* **THE PROBLEM**
The records that follow need to be output exactly as they are.
*** Opening of ENTRIES SUPPLIED ***
lemma continuous_on_raised_cos_ln_multiples:
  assumes "k \<ge> 2"
  shows "continuous_on {0..1} (\<lambda>r. \<Sum>n. raised_cos_coeff (ln_coeff r) (k * Suc n))"
proof (rule uniform_limit_theorem)
  have bound: "norm (raised_cos_coeff (ln_coeff r) (k * Suc n)) \<le> 3 * inverse (real (Suc n) ^ 2)"
    if "r \<in> {0..1}" for r n
  proof -
    define M where "M = real (k * Suc n)"
    have "k * Suc n \<ge> 2"
      using assms mult_le_mono2[of 1 "Suc n" k] by simp
    then have "\<bar>raised_cos_coeff (ln_coeff r) (k * Suc n)\<bar> \<le> 3 / (M * (M - 1))"
      using abs_raised_cos_ln_coeff_le[of r "k * Suc n"] that by (simp add: M_def)
    also have "\<dots> \<le> 3 / (real (Suc n) * real (Suc n))"
    proof -
      have "2 * real (Suc n) \<le> M"
        using assms unfolding M_def by (metis mult_le_mono1 of_nat_le_iff of_nat_mult of_nat_numeral)
      then have "real (Suc n) * real (Suc n) \<le> M * (M - 1)"
        by (intro mult_mono) auto
      with \<open>2 * real (Suc n) \<le> M\<close> show ?thesis
        by (intro divide_left_mono mult_pos_pos) auto
    qed
    also have "\<dots> = 3 * inverse (real (Suc n) ^ 2)"
      by (simp add: divide_inverse power2_eq_square)
    finally show ?thesis by simp
  qed
  have "summable (\<lambda>n. inverse (real n ^ 2))"
    by (rule inverse_power_summable) simp
  then have "summable (\<lambda>n. 3 * inverse (real (Suc n) ^ 2))"
    by (intro summable_mult summable_Suc_iff[THEN iffD2])
  with bound show "uniform_limit {0..1} (\<lambda>N r. \<Sum>n<N. raised_cos_coeff (ln_coeff r) (k * Suc n))
                     (\<lambda>r. \<Sum>n. raised_cos_coeff (ln_coeff r) (k * Suc n)) sequentially"
    by (rule Weierstrass_m_test)
  show "\<forall>\<^sub>F N in sequentially. continuous_on {0..1} (\<lambda>r. \<Sum>n<N. raised_cos_coeff (ln_coeff r) (k * Suc n))"
    unfolding raised_cos_coeff_def ln_coeff_def by (intro always_eventually allI continuous_intros) auto
qed simp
*** Close of ENTRIES SUPPLIED ***
* **WORKED SOLUTION**
lemma continuous_on_raised_cos_ln_multiples:
  assumes "k \<ge> 2"
  shows "continuous_on {0..1} (\<lambda>r. \<Sum>n. raised_cos_coeff (ln_coeff r) (k * Suc n))"
proof (rule uniform_limit_theorem)
  have bound: "norm (raised_cos_coeff (ln_coeff r) (k * Suc n)) \<le> 3 * inverse (real (Suc n) ^ 2)"
    if "r \<in> {0..1}" for r n
  proof -
    define M where "M = real (k * Suc n)"
    have "k * Suc n \<ge> 2"
      using assms mult_le_mono2[of 1 "Suc n" k] by simp
    then have "\<bar>raised_cos_coeff (ln_coeff r) (k * Suc n)\<bar> \<le> 3 / (M * (M - 1))"
      using abs_raised_cos_ln_coeff_le[of r "k * Suc n"] that by (simp add: M_def)
    also have "\<dots> \<le> 3 / (real (Suc n) * real (Suc n))"
    proof -
      have "2 * real (Suc n) \<le> M"
        using assms unfolding M_def by (metis mult_le_mono1 of_nat_le_iff of_nat_mult of_nat_numeral)
      then have "real (Suc n) * real (Suc n) \<le> M * (M - 1)"
        by (intro mult_mono) auto
      with \<open>2 * real (Suc n) \<le> M\<close> show ?thesis
        by (intro divide_left_mono mult_pos_pos) auto
    qed
    also have "\<dots> = 3 * inverse (real (Suc n) ^ 2)"
      by (simp add: divide_inverse power2_eq_square)
    finally show ?thesis by simp
  qed
  have "summable (\<lambda>n. inverse (real n ^ 2))"
    by (rule inverse_power_summable) simp
  then have "summable (\<lambda>n. 3 * inverse (real (Suc n) ^ 2))"
    by (intro summable_mult summable_Suc_iff[THEN iffD2])
  with bound show "uniform_limit {0..1} (\<lambda>N r. \<Sum>n<N. raised_cos_coeff (ln_coeff r) (k * Suc n))
                     (\<lambda>r. \<Sum>n. raised_cos_coeff (ln_coeff r) (k * Suc n)) sequentially"
    by (rule Weierstrass_m_test)
  show "\<forall>\<^sub>F N in sequentially. continuous_on {0..1} (\<lambda>r. \<Sum>n<N. raised_cos_coeff (ln_coeff r) (k * Suc n))"
    unfolding raised_cos_coeff_def ln_coeff_def by (intro always_eventually allI continuous_intros) auto
qed simp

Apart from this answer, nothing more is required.